Directions:
From the entries, return every line where the string "euclideanreal" shows up.

*** Exercise inputs Section Begins ***

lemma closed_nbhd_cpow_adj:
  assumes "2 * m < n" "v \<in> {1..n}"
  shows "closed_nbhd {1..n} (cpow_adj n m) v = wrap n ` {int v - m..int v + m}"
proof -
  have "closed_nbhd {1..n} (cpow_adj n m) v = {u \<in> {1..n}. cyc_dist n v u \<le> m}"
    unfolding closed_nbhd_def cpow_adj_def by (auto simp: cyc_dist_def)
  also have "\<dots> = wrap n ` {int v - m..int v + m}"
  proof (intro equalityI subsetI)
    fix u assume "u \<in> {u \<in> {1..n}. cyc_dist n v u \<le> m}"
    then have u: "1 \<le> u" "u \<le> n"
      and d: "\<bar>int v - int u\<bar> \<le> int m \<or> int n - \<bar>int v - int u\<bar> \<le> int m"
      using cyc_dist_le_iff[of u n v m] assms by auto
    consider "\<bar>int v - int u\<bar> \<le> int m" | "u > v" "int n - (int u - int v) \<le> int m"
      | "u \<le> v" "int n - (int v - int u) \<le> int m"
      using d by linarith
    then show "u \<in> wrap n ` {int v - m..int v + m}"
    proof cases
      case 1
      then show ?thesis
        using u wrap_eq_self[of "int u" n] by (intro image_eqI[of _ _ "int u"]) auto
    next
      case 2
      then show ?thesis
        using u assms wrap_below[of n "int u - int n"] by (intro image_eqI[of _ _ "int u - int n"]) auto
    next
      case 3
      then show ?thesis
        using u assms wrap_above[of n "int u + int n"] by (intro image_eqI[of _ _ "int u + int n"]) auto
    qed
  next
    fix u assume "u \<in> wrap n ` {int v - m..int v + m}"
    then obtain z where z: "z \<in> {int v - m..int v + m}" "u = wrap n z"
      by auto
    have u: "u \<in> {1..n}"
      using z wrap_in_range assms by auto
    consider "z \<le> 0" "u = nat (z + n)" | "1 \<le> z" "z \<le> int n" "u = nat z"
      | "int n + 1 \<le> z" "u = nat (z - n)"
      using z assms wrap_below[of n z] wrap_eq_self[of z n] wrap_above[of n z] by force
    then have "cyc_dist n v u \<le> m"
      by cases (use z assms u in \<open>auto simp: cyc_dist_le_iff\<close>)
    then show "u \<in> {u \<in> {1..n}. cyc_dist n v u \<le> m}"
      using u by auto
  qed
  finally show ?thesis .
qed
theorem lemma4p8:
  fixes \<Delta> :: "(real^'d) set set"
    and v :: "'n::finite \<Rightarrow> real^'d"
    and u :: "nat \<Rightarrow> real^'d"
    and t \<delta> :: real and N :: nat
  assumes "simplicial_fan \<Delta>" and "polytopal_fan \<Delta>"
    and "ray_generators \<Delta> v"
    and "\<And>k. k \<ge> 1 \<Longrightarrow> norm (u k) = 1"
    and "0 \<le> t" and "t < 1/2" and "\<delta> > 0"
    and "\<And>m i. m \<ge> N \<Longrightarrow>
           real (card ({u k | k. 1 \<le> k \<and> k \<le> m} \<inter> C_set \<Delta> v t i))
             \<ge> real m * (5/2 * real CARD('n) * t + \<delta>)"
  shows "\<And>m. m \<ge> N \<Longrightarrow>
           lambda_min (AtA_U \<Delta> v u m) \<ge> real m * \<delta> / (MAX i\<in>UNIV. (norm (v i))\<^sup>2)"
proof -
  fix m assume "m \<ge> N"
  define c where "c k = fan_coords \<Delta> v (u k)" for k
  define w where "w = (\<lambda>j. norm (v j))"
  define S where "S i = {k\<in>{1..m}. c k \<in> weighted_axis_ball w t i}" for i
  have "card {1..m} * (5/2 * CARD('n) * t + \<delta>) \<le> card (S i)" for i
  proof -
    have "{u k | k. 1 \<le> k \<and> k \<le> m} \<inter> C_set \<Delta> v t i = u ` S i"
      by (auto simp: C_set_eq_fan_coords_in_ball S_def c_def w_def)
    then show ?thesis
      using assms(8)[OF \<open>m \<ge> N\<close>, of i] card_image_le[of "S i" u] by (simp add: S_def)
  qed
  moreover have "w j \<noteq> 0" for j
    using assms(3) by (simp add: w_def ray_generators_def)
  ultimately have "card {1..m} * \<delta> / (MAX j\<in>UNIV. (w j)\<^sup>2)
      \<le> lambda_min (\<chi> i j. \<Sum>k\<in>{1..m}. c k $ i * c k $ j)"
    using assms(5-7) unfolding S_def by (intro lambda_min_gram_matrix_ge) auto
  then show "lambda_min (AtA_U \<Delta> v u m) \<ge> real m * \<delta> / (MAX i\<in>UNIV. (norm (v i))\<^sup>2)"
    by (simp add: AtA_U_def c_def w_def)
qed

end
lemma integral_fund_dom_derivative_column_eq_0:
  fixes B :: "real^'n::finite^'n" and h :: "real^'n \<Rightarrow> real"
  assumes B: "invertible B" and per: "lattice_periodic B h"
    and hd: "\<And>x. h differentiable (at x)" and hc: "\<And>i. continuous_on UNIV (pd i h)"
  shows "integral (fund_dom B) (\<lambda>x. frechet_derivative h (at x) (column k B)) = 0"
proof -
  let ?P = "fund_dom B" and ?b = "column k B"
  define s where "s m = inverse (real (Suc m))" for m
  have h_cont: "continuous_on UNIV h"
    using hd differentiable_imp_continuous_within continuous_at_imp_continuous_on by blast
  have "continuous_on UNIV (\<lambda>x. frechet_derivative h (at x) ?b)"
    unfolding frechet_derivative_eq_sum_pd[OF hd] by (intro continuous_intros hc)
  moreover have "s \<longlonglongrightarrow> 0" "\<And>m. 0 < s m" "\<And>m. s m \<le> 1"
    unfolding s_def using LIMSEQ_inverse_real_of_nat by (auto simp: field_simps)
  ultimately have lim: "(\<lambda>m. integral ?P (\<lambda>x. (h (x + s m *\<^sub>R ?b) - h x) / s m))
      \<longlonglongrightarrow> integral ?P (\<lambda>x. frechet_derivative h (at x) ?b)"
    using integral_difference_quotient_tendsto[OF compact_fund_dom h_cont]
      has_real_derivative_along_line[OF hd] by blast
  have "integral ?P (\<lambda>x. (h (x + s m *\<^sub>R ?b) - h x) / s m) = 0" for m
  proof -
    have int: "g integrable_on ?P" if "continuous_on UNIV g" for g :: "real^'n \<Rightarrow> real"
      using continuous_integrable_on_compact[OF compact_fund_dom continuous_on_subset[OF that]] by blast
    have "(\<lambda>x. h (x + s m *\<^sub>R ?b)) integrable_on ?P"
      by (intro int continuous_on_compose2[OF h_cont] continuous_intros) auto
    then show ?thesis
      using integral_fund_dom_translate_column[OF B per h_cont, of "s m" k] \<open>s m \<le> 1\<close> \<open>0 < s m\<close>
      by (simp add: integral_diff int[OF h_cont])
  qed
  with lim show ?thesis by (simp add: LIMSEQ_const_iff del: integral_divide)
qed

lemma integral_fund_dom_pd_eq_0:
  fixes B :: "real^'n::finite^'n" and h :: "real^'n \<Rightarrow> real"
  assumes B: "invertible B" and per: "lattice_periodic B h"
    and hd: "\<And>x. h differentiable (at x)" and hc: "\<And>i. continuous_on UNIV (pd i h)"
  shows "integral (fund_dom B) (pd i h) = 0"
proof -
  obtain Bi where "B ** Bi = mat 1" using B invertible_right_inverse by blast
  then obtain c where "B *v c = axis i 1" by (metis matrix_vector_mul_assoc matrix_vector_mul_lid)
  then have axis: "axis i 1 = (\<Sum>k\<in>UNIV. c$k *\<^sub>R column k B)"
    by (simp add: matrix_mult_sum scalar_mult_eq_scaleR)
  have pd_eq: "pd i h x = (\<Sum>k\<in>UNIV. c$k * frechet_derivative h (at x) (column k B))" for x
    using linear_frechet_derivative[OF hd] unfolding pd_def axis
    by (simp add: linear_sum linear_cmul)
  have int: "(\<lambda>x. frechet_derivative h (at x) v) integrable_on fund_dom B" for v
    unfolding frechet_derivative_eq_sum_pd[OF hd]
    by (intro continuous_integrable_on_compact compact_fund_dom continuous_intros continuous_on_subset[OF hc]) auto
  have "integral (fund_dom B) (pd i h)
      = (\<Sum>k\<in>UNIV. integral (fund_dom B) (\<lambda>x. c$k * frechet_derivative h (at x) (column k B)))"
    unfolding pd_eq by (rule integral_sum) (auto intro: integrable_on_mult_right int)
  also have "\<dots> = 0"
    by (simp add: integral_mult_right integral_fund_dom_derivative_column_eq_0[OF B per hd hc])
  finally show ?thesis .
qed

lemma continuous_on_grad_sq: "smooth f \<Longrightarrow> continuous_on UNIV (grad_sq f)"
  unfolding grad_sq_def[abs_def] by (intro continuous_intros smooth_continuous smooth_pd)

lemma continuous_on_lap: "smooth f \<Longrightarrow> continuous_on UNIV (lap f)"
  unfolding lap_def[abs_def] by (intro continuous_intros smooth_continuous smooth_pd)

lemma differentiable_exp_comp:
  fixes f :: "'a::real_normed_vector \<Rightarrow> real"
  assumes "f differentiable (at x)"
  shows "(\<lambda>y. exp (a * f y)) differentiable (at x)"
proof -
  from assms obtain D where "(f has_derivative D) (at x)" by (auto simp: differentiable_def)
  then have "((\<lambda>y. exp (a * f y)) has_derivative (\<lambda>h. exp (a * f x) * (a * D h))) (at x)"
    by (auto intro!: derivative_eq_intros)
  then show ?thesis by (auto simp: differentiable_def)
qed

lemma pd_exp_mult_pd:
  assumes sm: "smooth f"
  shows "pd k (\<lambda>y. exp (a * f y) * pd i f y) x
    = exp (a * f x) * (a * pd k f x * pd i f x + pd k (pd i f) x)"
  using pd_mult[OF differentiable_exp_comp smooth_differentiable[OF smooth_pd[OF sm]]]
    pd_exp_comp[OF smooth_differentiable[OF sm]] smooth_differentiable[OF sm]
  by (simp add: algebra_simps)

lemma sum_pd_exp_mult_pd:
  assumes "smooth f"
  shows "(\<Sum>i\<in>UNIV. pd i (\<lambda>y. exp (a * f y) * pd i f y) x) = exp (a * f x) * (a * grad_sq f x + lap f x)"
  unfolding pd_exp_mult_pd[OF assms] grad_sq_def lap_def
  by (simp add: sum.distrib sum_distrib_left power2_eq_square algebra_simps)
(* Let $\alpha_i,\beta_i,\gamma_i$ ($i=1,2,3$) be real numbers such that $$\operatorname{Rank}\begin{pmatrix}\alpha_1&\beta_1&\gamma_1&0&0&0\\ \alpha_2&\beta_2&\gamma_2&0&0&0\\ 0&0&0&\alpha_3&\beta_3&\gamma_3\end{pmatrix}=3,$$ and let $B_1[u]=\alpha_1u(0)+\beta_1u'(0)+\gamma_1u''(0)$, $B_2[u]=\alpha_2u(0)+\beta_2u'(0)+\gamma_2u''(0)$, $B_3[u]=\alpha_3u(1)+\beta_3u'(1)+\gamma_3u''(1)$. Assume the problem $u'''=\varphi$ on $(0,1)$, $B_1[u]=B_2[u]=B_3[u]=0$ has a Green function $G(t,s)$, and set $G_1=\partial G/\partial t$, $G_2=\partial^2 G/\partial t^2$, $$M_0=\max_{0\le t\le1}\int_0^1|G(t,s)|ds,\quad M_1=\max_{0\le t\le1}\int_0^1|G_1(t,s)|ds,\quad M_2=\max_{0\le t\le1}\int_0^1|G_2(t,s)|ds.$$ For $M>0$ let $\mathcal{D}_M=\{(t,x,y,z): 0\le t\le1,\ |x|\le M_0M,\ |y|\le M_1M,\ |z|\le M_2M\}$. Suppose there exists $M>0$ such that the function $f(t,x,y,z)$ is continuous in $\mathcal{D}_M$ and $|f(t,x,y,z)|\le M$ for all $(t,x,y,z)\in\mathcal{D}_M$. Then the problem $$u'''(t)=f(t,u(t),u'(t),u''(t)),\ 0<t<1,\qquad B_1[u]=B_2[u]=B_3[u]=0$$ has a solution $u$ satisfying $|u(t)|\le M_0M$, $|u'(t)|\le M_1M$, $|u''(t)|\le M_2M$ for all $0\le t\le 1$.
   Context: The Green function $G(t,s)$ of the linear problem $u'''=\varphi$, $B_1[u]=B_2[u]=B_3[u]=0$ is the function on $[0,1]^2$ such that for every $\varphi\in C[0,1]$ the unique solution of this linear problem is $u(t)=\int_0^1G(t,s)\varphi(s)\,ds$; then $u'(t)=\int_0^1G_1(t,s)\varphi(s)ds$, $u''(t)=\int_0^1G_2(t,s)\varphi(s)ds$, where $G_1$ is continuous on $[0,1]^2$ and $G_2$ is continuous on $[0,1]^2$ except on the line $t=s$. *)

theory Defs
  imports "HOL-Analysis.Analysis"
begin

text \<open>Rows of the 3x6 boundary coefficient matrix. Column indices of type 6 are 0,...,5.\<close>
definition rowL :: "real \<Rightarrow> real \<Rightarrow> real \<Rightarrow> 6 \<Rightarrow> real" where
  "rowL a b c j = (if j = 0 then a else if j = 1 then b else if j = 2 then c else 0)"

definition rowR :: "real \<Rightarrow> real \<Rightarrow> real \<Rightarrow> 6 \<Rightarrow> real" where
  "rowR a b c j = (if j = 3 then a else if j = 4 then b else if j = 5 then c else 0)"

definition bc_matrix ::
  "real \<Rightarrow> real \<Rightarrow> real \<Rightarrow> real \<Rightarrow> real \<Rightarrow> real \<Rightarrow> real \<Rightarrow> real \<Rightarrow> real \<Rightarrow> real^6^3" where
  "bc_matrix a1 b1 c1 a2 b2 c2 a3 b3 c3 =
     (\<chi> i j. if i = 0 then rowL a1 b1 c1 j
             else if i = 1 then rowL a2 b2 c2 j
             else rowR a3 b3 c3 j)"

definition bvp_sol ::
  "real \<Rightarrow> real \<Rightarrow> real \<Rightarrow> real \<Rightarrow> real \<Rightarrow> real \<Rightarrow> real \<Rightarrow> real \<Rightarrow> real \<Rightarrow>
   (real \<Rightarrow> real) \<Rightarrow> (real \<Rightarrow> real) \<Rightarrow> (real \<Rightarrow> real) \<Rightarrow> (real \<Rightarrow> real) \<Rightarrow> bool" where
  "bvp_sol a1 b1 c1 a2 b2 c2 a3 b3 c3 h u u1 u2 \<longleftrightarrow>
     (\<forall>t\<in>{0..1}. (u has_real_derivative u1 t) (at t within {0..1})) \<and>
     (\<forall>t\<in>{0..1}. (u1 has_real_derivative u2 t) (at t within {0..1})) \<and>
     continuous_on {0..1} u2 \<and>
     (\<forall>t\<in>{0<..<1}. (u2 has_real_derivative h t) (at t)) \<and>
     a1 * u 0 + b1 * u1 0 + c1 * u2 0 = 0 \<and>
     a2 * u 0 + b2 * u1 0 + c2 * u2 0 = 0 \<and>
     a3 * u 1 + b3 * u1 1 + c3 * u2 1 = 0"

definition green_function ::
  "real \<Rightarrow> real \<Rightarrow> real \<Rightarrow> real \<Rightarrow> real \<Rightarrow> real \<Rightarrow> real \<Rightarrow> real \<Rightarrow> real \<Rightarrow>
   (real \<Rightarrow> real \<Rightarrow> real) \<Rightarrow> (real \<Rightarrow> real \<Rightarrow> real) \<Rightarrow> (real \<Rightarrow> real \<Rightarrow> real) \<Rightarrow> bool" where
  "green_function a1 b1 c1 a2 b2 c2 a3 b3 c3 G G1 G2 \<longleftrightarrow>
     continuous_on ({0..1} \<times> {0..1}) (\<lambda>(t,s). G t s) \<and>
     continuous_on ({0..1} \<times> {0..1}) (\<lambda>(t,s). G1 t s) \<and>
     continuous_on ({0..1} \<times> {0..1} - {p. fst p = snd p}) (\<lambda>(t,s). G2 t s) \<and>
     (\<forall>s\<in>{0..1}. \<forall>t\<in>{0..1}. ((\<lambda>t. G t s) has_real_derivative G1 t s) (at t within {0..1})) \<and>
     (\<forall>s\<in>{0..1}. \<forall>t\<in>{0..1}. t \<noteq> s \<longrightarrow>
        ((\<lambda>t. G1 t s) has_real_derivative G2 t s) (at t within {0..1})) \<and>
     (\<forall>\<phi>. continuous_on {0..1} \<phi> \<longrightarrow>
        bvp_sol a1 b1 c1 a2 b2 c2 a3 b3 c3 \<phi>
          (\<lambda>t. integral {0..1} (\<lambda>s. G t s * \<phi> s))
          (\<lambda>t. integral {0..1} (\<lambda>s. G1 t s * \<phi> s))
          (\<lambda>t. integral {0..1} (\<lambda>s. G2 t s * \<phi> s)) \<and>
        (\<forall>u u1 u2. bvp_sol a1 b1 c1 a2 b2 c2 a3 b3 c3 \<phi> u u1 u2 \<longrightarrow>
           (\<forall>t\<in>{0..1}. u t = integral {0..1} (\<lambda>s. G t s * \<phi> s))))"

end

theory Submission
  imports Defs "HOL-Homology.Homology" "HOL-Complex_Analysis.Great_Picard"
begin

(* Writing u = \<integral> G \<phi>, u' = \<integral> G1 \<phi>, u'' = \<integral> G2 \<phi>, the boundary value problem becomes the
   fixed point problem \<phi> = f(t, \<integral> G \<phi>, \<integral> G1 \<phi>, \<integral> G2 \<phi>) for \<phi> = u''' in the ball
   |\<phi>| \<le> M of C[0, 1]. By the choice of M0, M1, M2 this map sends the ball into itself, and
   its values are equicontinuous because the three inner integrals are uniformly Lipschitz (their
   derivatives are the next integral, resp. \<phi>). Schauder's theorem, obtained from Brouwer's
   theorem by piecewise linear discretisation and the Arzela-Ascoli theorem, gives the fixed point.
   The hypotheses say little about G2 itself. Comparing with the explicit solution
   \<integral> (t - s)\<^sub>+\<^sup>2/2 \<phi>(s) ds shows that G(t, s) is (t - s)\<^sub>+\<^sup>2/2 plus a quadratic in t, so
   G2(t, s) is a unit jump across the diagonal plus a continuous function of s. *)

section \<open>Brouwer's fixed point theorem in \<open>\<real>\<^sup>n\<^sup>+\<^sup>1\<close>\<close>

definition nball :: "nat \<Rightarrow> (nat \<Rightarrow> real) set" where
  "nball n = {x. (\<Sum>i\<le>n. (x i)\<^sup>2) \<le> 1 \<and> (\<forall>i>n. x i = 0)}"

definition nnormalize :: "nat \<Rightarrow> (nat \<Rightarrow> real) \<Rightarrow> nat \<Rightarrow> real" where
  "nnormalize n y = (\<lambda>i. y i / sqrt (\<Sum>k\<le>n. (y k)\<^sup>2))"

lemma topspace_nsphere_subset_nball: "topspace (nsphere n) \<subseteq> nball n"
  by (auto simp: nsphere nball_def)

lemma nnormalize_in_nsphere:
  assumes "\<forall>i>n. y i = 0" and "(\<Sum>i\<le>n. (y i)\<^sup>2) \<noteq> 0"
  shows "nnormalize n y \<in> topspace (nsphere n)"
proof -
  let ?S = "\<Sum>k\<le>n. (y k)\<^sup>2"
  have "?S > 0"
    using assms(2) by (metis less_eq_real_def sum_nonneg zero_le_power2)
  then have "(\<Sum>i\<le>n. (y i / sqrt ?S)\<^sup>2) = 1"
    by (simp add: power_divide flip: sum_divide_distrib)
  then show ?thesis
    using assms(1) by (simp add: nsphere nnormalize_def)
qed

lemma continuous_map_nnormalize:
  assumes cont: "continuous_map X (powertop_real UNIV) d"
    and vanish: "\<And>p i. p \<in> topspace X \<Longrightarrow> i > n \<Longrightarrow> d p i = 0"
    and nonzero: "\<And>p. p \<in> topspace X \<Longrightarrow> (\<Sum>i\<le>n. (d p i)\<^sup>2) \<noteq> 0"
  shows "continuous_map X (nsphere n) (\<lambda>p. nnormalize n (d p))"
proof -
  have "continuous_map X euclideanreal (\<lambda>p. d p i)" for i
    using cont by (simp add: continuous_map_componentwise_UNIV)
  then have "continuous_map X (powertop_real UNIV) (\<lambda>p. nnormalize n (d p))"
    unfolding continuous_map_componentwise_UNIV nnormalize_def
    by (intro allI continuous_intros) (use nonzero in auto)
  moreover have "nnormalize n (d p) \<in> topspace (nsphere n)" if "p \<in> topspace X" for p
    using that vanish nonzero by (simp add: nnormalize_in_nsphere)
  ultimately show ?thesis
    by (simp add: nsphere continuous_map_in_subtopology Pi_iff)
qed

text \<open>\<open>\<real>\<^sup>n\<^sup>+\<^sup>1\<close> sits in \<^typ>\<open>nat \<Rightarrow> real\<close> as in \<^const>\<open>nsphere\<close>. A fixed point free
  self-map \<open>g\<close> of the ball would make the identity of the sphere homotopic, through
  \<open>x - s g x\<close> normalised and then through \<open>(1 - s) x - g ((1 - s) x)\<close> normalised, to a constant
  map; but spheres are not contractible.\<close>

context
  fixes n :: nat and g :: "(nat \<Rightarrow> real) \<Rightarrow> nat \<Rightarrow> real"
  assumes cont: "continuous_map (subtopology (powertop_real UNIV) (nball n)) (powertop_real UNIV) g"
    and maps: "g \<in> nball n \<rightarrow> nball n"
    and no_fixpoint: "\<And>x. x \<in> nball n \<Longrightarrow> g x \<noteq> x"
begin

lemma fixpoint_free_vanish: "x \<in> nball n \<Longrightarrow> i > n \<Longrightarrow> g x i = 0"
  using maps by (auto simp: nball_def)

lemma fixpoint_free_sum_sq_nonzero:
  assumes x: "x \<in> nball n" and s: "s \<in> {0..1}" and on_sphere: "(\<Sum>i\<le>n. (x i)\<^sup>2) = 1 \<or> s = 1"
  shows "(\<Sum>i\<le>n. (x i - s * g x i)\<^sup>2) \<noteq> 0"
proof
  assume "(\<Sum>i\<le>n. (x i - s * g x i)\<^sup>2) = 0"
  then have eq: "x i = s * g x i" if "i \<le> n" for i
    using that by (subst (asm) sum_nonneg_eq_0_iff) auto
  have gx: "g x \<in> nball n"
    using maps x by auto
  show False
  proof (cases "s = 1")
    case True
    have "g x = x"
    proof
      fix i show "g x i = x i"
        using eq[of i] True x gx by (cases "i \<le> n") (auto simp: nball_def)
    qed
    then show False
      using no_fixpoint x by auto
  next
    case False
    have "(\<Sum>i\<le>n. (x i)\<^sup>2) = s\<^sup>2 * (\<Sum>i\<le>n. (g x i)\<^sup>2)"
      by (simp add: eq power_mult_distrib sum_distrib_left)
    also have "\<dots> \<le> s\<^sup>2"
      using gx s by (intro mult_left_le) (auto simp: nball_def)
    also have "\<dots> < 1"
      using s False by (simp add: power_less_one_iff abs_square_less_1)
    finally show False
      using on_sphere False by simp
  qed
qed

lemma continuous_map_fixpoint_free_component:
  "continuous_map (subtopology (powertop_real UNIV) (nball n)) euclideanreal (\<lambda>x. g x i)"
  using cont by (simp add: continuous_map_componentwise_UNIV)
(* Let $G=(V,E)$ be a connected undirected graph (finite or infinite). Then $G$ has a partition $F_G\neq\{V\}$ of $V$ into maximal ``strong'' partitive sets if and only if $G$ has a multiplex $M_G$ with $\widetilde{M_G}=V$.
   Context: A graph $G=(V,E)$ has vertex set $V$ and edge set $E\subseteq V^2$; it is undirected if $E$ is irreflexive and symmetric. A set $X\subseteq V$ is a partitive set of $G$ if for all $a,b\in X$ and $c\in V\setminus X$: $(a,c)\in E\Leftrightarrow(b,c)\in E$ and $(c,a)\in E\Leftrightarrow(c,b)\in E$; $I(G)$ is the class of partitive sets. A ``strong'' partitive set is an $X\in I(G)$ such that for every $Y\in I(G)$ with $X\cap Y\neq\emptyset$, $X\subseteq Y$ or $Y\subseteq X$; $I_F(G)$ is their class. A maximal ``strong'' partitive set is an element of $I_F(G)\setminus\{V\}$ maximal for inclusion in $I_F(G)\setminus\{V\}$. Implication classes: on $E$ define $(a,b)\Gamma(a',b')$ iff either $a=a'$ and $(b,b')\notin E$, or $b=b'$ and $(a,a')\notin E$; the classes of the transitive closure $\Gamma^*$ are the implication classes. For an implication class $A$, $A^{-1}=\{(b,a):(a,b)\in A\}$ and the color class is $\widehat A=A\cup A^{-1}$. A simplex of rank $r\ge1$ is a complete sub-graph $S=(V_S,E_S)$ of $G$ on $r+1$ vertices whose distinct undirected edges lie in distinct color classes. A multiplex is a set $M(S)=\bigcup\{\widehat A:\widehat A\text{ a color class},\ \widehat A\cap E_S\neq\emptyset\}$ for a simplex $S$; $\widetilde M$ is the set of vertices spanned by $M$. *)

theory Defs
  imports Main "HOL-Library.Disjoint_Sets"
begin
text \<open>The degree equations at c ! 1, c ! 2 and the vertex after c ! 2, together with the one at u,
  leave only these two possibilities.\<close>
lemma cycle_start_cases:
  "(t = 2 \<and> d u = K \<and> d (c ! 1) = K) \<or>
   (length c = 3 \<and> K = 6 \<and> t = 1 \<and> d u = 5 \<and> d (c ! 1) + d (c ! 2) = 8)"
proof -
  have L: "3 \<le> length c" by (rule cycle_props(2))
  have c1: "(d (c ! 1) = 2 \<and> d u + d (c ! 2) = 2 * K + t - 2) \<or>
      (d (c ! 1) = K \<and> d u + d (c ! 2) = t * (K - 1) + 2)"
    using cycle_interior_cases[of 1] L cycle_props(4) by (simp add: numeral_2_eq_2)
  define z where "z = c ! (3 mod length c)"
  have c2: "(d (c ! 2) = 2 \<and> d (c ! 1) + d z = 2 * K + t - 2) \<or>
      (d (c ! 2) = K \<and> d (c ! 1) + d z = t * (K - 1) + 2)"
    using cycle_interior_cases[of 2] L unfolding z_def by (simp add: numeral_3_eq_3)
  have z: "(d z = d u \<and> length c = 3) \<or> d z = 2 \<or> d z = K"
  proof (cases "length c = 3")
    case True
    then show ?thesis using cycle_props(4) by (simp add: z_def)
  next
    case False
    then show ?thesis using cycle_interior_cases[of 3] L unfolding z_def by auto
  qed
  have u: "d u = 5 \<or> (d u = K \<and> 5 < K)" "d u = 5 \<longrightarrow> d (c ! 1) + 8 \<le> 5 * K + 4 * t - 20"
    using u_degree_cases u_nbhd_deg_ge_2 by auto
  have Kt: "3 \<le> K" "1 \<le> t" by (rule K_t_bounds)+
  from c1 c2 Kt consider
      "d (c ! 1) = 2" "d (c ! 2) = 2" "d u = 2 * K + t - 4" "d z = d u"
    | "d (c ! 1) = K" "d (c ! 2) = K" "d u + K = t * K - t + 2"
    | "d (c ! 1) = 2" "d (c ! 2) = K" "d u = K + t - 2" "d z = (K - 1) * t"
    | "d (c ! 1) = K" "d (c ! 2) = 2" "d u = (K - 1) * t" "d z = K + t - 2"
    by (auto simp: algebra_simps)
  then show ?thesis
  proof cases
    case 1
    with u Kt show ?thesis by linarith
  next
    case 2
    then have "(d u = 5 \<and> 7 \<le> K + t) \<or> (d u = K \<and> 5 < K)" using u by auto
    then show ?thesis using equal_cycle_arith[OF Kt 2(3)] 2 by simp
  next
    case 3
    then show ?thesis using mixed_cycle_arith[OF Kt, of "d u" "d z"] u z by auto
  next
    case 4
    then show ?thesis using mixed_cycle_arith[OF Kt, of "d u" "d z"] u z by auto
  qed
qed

*** Exercise inputs Section Ends ***

Answer for this exercise:
  have "continuous_map X euclideanreal (\<lambda>p. d p i)" for i
  "continuous_map (subtopology (powertop_real UNIV) (nball n)) euclideanreal (\<lambda>x. g x i)"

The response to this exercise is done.